Compass Information Centre has recently announced that bus route Northlink 8 Guelph–Hamilton, frequently used by students, will cease to operate on Friday, Dec. 20, 2013.

Aboutown had been running the route in affiliation with Compass since August 2010, however due to the influx of fuel and insurance costs and decreasing presence for inter-city operations, the route was forced to be pulled. “We receive no subsidization from any government source for inter-city and mass transits,” said Jeff Sich, Northlink Coordinator.

Any signage regarding the route has quickly been removed at Compass in the hopes that students will help inform the community. “The timing is not good for the students, because they are all on exams obviously,” said Debbie Good, Compass Manager. “We just want to make sure that students are not expecting that service to be there.”

Along with the Guelph-Hamilton route, all other inter-city routes through Aboutown will also cease on the same day. Students still looking for transportation in the area will still be able to use GO Transit and Greyhounds, which both run at comparable prices to the Aboutown route.

“We have received a couple of emails regarding the cancellation that was announced on Friday, Dec. 13, 2013,” said Sich. “We anticipate more in the New Year. All are disappointed with the announcement.”
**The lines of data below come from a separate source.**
(* Let $M\ge 2$ be an integer. Take all $M-1$ identifiers of one group (anchor position $g$) and one identifier from a different group (anchor position $g'\neq g$). Then the $M\times M$ integer matrix whose rows are the corresponding coefficient vectors $\big(2^{\,M-1-r_1},\dots,2^{\,M-1-r_M}\big)$ has rank $M$ (over $\mathbb{Q}$), i.e. the encoded packet from the different group is linearly independent of the encoded packets of the group.
   Context: A batch of $M$ data packets $c_1,\dots,c_M$ is encoded as follows: an encoded packet is specified by an identifier $(r_1,\dots,r_M)$ of nonnegative integers; each packet $c_m$ is padded with $r_m$ zero bits at its head (and zeros at its tail so all have equal length), which in ordinary integer arithmetic amounts to forming $2^{r_{\max}-r_m}c_m$ with $r_{\max}=\max_m r_m$, and the padded packets are XORed. The coefficient vector of the encoded packet is $(2^{r_{\max}-r_1},\dots,2^{r_{\max}-r_M})$, and ranks are computed in ordinary (rational) arithmetic. In the (first-round) construction, every identifier is a bijection $\{1,\dots,M\}\to\{0,1,\dots,M-1\}$ (so $r_{\max}=M-1$), and the identifiers are arranged into $M$ groups indexed by an anchor position $g\in\{1,\dots,M\}$: the group with anchor position $g$ consists of the $M-1$ identifiers with $r_g=0$ whose entries at the positions other than $g$, read in increasing order of position, form the cyclic right shifts by $k=0,1,\dots,M-2$ of $(1,2,\dots,M-1)$. For example, the group with anchor $1$ is $(0,1,2,\dots,M-1),(0,M-1,1,\dots,M-2),\dots,(0,2,3,\dots,M-1,1)$, and the group with anchor $2$ starts with $(1,0,2,3,\dots,M-1)$. *)

theory Defs
  imports "Jordan_Normal_Form.DL_Rank"
begin

text \<open>Identifier of the group with anchor position g (positions 1..M), shift k (0 <= k <= M-2),
  evaluated at position p: r_g = 0, and the positions other than g, read in increasing order
  (index j = 0..M-2), carry the cyclic right shift by k of (1,2,...,M-1),
  i.e. the entry at index j is 1 + ((j - k) mod (M-1)).\<close>
definition ident :: "nat \<Rightarrow> nat \<Rightarrow> nat \<Rightarrow> nat \<Rightarrow> nat" where
  "ident M g k p =
     (if p = g then 0
      else (let j = (if p < g then p - 1 else p - 2)
            in 1 + nat ((int j - int k) mod int (M - 1))))"

definition coef :: "nat \<Rightarrow> (nat \<Rightarrow> nat) \<Rightarrow> nat \<Rightarrow> rat" where
  "coef M r p = 2 ^ (M - 1 - r p)"

text \<open>Row/column indices are 0-based; column j is position j+1.\<close>
definition code_matrix :: "nat \<Rightarrow> nat \<Rightarrow> nat \<Rightarrow> nat \<Rightarrow> rat mat" where
  "code_matrix M g g' k' =
     mat M M (\<lambda>(i, j). if i < M - 1 then coef M (ident M g i) (j + 1)
                       else coef M (ident M g' k') (j + 1))"

end

theory Submission
  imports Defs
begin

text \<open>On the columns other than its anchor, the group with anchor g is a circulant whose rows are
  the cyclic shifts of (2^(M-2), ..., 2, 1), while its anchor column is constantly 2^(M-1).
  Doubling a row of the circulant and subtracting it from the next one leaves a single nonzero
  entry 1 - 2^(M-1) on the diagonal, so a kernel vector of the group rows is constant off the
  anchor, with constant c satisfying (2^(M-1) - 1) c = -2^(M-1) x for the anchor coordinate x.
  Every identifier's coefficients sum to 2^M - 1, but the foreign identifier has an entry
  b < 2^(M-1) in the anchor column; on such a vector its row evaluates, up to the factor
  2^(M-1) - 1, to x (2^M - 1)(b - 2^(M-1)). Hence x = 0 and the kernel is trivial.\<close>

definition cyclic_offset :: "nat \<Rightarrow> nat \<Rightarrow> nat \<Rightarrow> nat" where
  "cyclic_offset N k j = nat ((int j - int k) mod int N)"

lemma cyclic_offset_less: "N > 0 \<Longrightarrow> cyclic_offset N k j < N"
  by (simp add: cyclic_offset_def nat_less_iff)

lemma bij_betw_cyclic_offset:
  assumes "N > 0"
  shows "bij_betw (cyclic_offset N k) {..<N} {..<N}"
proof -
  have "inj_on (cyclic_offset N k) {..<N}"
  proof
    fix a b assume "a \<in> {..<N}" "b \<in> {..<N}" "cyclic_offset N k a = cyclic_offset N k b"
    then have "(int a - int k) mod int N = (int b - int k) mod int N"
      using assms by (simp add: cyclic_offset_def eq_nat_nat_iff)
    then have "(int a - int k + int k) mod int N = (int b - int k + int k) mod int N"
      by (rule mod_add_cong) simp
    with \<open>a \<in> {..<N}\<close> \<open>b \<in> {..<N}\<close> show "a = b"
      by simp
  qed
  moreover have "cyclic_offset N k ` {..<N} \<subseteq> {..<N}"
    using cyclic_offset_less[OF assms] by auto
  ultimately show ?thesis
    by (simp add: bij_betw_def endo_inj_surj)
qed

lemma cyclic_offset_self_eq_0 [simp]: "cyclic_offset N k k = 0"
  by (simp add: cyclic_offset_def)

lemma cyclic_offset_Suc_self: "N > 0 \<Longrightarrow> cyclic_offset N (Suc k) k = N - 1"
  by (simp add: cyclic_offset_def zmod_minus1 nat_diff_distrib)

lemma cyclic_offset_N: "cyclic_offset N N j = cyclic_offset N 0 j"
  by (simp add: cyclic_offset_def)

lemma cyclic_offset_Suc:
  assumes "j < N" "k < N" "j \<noteq> k"
  shows "cyclic_offset N k j = Suc (cyclic_offset N (Suc k) j)"
proof -
  define r where "r = (int j - int (Suc k)) mod int N"
  have r: "0 \<le> r" "r < int N" using assms unfolding r_def by simp_all
  have shift: "(int j - int k) mod int N = (r + 1) mod int N"
    unfolding r_def by (simp add: mod_add_left_eq)
  have "r + 1 \<noteq> int N"
  proof
    assume "r + 1 = int N"
    with shift have "int N dvd int j - int k"
      by (simp add: mod_eq_0_iff_dvd)
    moreover have "\<bar>int j - int k\<bar> < int N" "int j - int k \<noteq> 0"
      using assms by auto
    ultimately show False
      using dvd_imp_le_int by (metis abs_of_nat not_le)
  qed
  with r shift have "(int j - int k) mod int N = r + 1"
    by simp
  moreover have "nat (r + 1) = Suc (nat r)"
    using r by (simp add: nat_add_distrib)
  ultimately show ?thesis
    by (simp add: cyclic_offset_def r_def)
qed

text \<open>Row k of this circulant is the coefficient vector of the identifier with shift k,
  read on the non-anchor positions.\<close>
definition pow2_circulant :: "nat \<Rightarrow> nat \<Rightarrow> nat \<Rightarrow> rat" where
  "pow2_circulant N k j = 2 ^ (N - 1 - cyclic_offset N k j)"

lemma pow2_circulant_N: "pow2_circulant N N = pow2_circulant N 0"
  by (simp add: pow2_circulant_def cyclic_offset_N fun_eq_iff)

lemma pow2_circulant_Suc:
  assumes "i < N" "j < N"
  shows "pow2_circulant N (Suc i) j - 2 * pow2_circulant N i j = (if j = i then 1 - 2 ^ N else 0)"
proof (cases "j = i")
  case True
  with assms have "2 * (2::rat) ^ (N - 1) = 2 ^ N"
    by (simp flip: power_Suc)
  with True assms show ?thesis
    by (simp add: pow2_circulant_def cyclic_offset_Suc_self)
next
  case False
  with assms have "cyclic_offset N i j = Suc (cyclic_offset N (Suc i) j)"
    by (simp add: cyclic_offset_Suc)
  moreover have "cyclic_offset N i j < N"
    using assms by (simp add: cyclic_offset_less)
  ultimately have "N - 1 - cyclic_offset N (Suc i) j = Suc (N - 1 - cyclic_offset N i j)"
    by linarith
  with False show ?thesis
    by (simp add: pow2_circulant_def)
qed

lemma sum_pow2_circulant:
  assumes "N > 0"
  shows "(\<Sum>j<N. pow2_circulant N k j) = 2 ^ N - 1"
proof -
  have "(\<Sum>j<N. pow2_circulant N k j) = (\<Sum>d<N. (2::rat) ^ (N - 1 - d))"
    unfolding pow2_circulant_def
    using sum.reindex_bij_betw[OF bij_betw_cyclic_offset[OF assms], of "\<lambda>d. (2::rat) ^ (N - 1 - d)"]
    by simp
  also have "\<dots> = (\<Sum>d<N. 2 ^ d)"
    using sum.nat_diff_reindex[of "\<lambda>d. (2::rat) ^ d" N] by simp
  also have "\<dots> = 2 ^ N - 1"
    by (induction N) simp_all
  finally show ?thesis .
qed

lemma pow2_circulant_system:
  assumes "N > 0" and rows: "\<And>i. i < N \<Longrightarrow> (\<Sum>j<N. pow2_circulant N i j * y j) = a"
    and "i < N"
  shows "(2 ^ N - 1) * y i = a"
proof -
  let ?F = "\<lambda>i. \<Sum>j<N. pow2_circulant N i j * y j"
  have "?F (Suc i) = a"
  proof (cases "Suc i < N")
    case False
    with \<open>i < N\<close> have "Suc i = N" by simp
    then show ?thesis
      using rows[of 0] assms(1) by (simp add: pow2_circulant_N)
  qed (rule rows)
  moreover have "?F (Suc i) - 2 * ?F i = (1 - 2 ^ N) * y i"
  proof -
    have "?F (Suc i) - 2 * ?F i = (\<Sum>j<N. (pow2_circulant N (Suc i) j - 2 * pow2_circulant N i j) * y j)"
      by (simp add: sum_distrib_left sum_subtractf algebra_simps)
    also have "\<dots> = (\<Sum>j<N. if j = i then (1 - 2 ^ N) * y j else 0)"
      using pow2_circulant_Suc[OF \<open>i < N\<close>] by (intro sum.cong) auto
    finally show ?thesis
      using \<open>i < N\<close> by simp
  qed
  ultimately show ?thesis
    using rows[OF \<open>i < N\<close>] by (simp add: algebra_simps)
qed

definition skip_index :: "nat \<Rightarrow> nat \<Rightarrow> nat" where
  "skip_index a j = (if j < a then j else Suc j)"

lemma bij_betw_skip_index:
  assumes "a \<le> N"
  shows "bij_betw (skip_index a) {..<N} ({..<Suc N} - {a})"
  by (rule bij_betw_byWitness[where f' = "\<lambda>j. if j < a then j else j - 1"])
    (use assms in \<open>auto simp: skip_index_def\<close>)

lemma sum_lessThan_Suc_skip_index:
  assumes "a \<le> N"
  shows "(\<Sum>j<Suc N. h j) = h a + (\<Sum>j<N. h (skip_index a j))"
proof -
  have "(\<Sum>j<Suc N. h j) = h a + sum h ({..<Suc N} - {a})"
    using assms by (subst sum.remove[of _ a]) auto
  also have "sum h ({..<Suc N} - {a}) = (\<Sum>j<N. h (skip_index a j))"
    using sum.reindex_bij_betw[OF bij_betw_skip_index[OF assms], of h] by simp
  finally show ?thesis .
qed

lemma coef_ident_anchor: "coef (Suc N) (ident (Suc N) G k) G = 2 ^ N"
  by (simp add: coef_def ident_def)

lemma coef_ident_less:
  assumes "p \<noteq> G" "N > 0"
  shows "coef (Suc N) (ident (Suc N) G k) p < 2 ^ N"
  using assms by (simp add: coef_def ident_def Let_def)

lemma coef_ident_skip_index:
  assumes "1 \<le> G"
  shows "coef (Suc N) (ident (Suc N) G k) (Suc (skip_index (G - 1) j)) = pow2_circulant N k j"
  using assms by (auto simp: coef_def ident_def skip_index_def pow2_circulant_def cyclic_offset_def Let_def)

lemma sum_coef_ident:
  assumes "G \<in> {1..Suc N}"
  shows "(\<Sum>j<Suc N. coef (Suc N) (ident (Suc N) G k) (Suc j) * u j)
    = 2 ^ N * u (G - 1) + (\<Sum>j<N. pow2_circulant N k j * u (skip_index (G - 1) j))"
proof -
  from assms have "G - 1 \<le> N" "Suc (G - 1) = G"
    by auto
  then show ?thesis
    using assms
    by (simp only: sum_lessThan_Suc_skip_index coef_ident_anchor coef_ident_skip_index)
qed

lemma group_kernel_const_off_anchor:
  assumes "N > 0" "G \<in> {1..Suc N}"
    and rows: "\<And>i. i < N \<Longrightarrow> (\<Sum>j<Suc N. coef (Suc N) (ident (Suc N) G i) (Suc j) * u j) = 0"
    and "j < Suc N" "j \<noteq> G - 1"
  shows "(2 ^ N - 1) * u j = - (2 ^ N * u (G - 1))"
proof -
  have "j \<in> skip_index (G - 1) ` {..<N}"
    using bij_betw_imp_surj_on[OF bij_betw_skip_index[of "G - 1" N]] assms by auto
  then obtain j' where "j' < N" "j = skip_index (G - 1) j'"
    by blast
  moreover have "(\<Sum>j<N. pow2_circulant N i j * u (skip_index (G - 1) j)) = - (2 ^ N * u (G - 1))"
    if "i < N" for i
    using rows[OF that] sum_coef_ident[OF assms(2)] by (simp add: eq_neg_iff_add_eq_0 add.commute)
  ultimately show ?thesis
    using pow2_circulant_system[OF \<open>N > 0\<close>, of "\<lambda>j. u (skip_index (G - 1) j)"] by blast
qed

lemma coef_rows_kernel:
  assumes "N > 0" "g \<in> {1..Suc N}" "g' \<in> {1..Suc N}" "g' \<noteq> g" "k' < N"
    and group: "\<And>i. i < N \<Longrightarrow> (\<Sum>j<Suc N. coef (Suc N) (ident (Suc N) g i) (Suc j) * u j) = 0"
    and foreign: "(\<Sum>j<Suc N. coef (Suc N) (ident (Suc N) g' k') (Suc j) * u j) = 0"
    and "j < Suc N"
  shows "u j = 0"
proof -
  define P :: rat where "P = 2 ^ N"
  define x where "x = u (g - 1)"
  define c where "c = - (P * x) / (P - 1)"
  define B where "B = (\<lambda>j. coef (Suc N) (ident (Suc N) g' k') (Suc j))"
  have "P \<ge> 2"
    using power_increasing[of 1 N "2::rat"] \<open>N > 0\<close> unfolding P_def by simp
  then have c: "(P - 1) * c = - (P * x)"
    unfolding c_def by simp
  have u_const: "u j = c" if "j < Suc N" "j \<noteq> g - 1" for j
  proof -
    have "(P - 1) * u j = (P - 1) * c"
      using group_kernel_const_off_anchor[OF assms(1,2) group that] c
      unfolding P_def x_def by simp
    with \<open>P \<ge> 2\<close> show ?thesis
      by simp
  qed
  have "g - 1 \<in> {..<Suc N}"
    using assms(2) by auto
  have sum_B: "(\<Sum>j<Suc N. B j) = 2 * P - 1"
    using sum_coef_ident[OF assms(3), of k' "\<lambda>_. 1"] sum_pow2_circulant[OF \<open>N > 0\<close>]
    unfolding B_def P_def by simp
  have "0 = (\<Sum>j<Suc N. B j * u j)"
    using foreign unfolding B_def by simp
  also have "\<dots> = B (g - 1) * x + (\<Sum>j\<in>{..<Suc N} - {g - 1}. B j * u j)"
    unfolding x_def by (rule sum.remove) (use \<open>g - 1 \<in> {..<Suc N}\<close> in simp_all)
  also have "\<dots> = B (g - 1) * x + (\<Sum>j\<in>{..<Suc N} - {g - 1}. c * B j)"
    using u_const by (intro arg_cong2[where f = "(+)"] sum.cong) auto
  also have "\<dots> = B (g - 1) * x + c * (2 * P - 1 - B (g - 1))"
    using sum_B \<open>g - 1 \<in> {..<Suc N}\<close>
    by (simp add: sum_distrib_left[symmetric] sum_diff1 del: sum.lessThan_Suc)
  finally have "(P - 1) * (B (g - 1) * x + c * (2 * P - 1 - B (g - 1))) = 0"
    by simp
  moreover have "(P - 1) * (B (g - 1) * x + c * (2 * P - 1 - B (g - 1)))
      = (P - 1) * B (g - 1) * x + (2 * P - 1 - B (g - 1)) * ((P - 1) * c)"
    by (simp add: algebra_simps)
  ultimately have "x * ((2 * P - 1) * (B (g - 1) - P)) = 0"
    unfolding c by (simp add: algebra_simps)
  moreover have "B (g - 1) < P"
    using coef_ident_less[of g g' N k'] assms unfolding B_def P_def by auto
  ultimately have "x = 0"
    using \<open>P \<ge> 2\<close> by simp
  then show ?thesis
    using u_const[OF \<open>j < Suc N\<close>] unfolding x_def c_def by (cases "j = g - 1") simp_all
qed

lemma code_matrix_mult_vec_nth:
  assumes "v \<in> carrier_vec M" "i < M"
  shows "(code_matrix M g g' k' *\<^sub>v v) $ i
    = (\<Sum>j<M. coef M (ident M (if i < M - 1 then g else g') (if i < M - 1 then i else k')) (Suc j) * v $ j)"
  using assms by (auto simp: code_matrix_def scalar_prod_def lessThan_atLeast0 intro!: sum.cong)

lemma code_matrix_kernel:
  assumes "M \<ge> 2" "g \<in> {1..M}" "g' \<in> {1..M}" "g' \<noteq> g" "k' \<le> M - 2"
    and "v \<in> carrier_vec M" "code_matrix M g g' k' *\<^sub>v v = 0\<^sub>v M"
  shows "v = 0\<^sub>v M"
proof -
  obtain N where M: "M = Suc N" "N > 0"
    using \<open>M \<ge> 2\<close> by (cases M) auto
  have rows: "(\<Sum>j<M. coef M (ident M (if i < N then g else g') (if i < N then i else k')) (Suc j) * v $ j) = 0"
    if "i < M" for i
    using code_matrix_mult_vec_nth[OF assms(6) that, of g g' k'] assms(7) that M by simp
  have group: "(\<Sum>j<Suc N. coef (Suc N) (ident (Suc N) g i) (Suc j) * v $ j) = 0" if "i < N" for i
    using rows[of i] that M by simp
  have foreign: "(\<Sum>j<Suc N. coef (Suc N) (ident (Suc N) g' k') (Suc j) * v $ j) = 0"
    using rows[of N] M by simp
  show ?thesis
  proof (rule eq_vecI)
    fix j assume "j < dim_vec (0\<^sub>v M)"
    then show "v $ j = 0\<^sub>v M $ j"
      using coef_rows_kernel[OF \<open>N > 0\<close> _ _ \<open>g' \<noteq> g\<close> _ group foreign] assms M by auto
  qed (use assms(6) in simp)
qed

theorem lemma2:
  fixes M g g' k' :: nat
  assumes "M \<ge> 2"
    and "g \<in> {1..M}" and "g' \<in> {1..M}" and "g' \<noteq> g"
    and "k' \<le> M - 2"
  shows "vec_space.rank M (code_matrix M g g' k') = M"
proof -
  have A: "code_matrix M g g' k' \<in> carrier_mat M M"
    by (simp add: code_matrix_def)
  have "det (code_matrix M g g' k') \<noteq> 0"
    using code_matrix_kernel[OF assms] det_0_iff_vec_prod_zero_field[OF A] by blast
  then show ?thesis
    using vec_space.low_rank_det_zero[OF A] by blast
qed

end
Full refunds for customers who purchased tickets for future use will be available at Compass until Jan. 17, 2014.

J.J. Bardoel
Silhouette Intern

Humanities has introduced a new honours program to McMaster, Justice, Political Philosophy and Law, following approval from the Ontario Ministry of Training, Colleges and Universities. The program is the outcome of two years of steady preparation from the Department of Philosophy.

The program went through a long process of approval from department faculty, the university and the ministry. Those advocating for the program creating a detailed brief outlining the programs structure, aims of the courses and benefits for students involved, as well as the unique traits the program could potentially bring to the campus.

“In our case, the consistency with President Deane's Forward With Integrity was an important part of the case we made for the JPPL,” said Chair of the Department of Philosophy, Elisabeth Gedge. “The JPPL Program will instantiate the values set out in FWI in a unique way.”

The main focus for students in the JPPL program will be to help develop an understanding of law and legal institutions, as well as perspective on political and moral theories. The ideologies will be reflected throughout the wide range of courses available, ranging from law and global politics to feminist jurisprudence and human rights.

The majority of students already involved with the program are currently aiming to attend law school, although Gedge emphasized that JPPL will also prepare students for potential careers in other fields, including politics, philosophy, human rights or public policy. “More broadly, JPPL should appeal to any student interested in becoming an informed and engaged Canadian and global citizen,” she said.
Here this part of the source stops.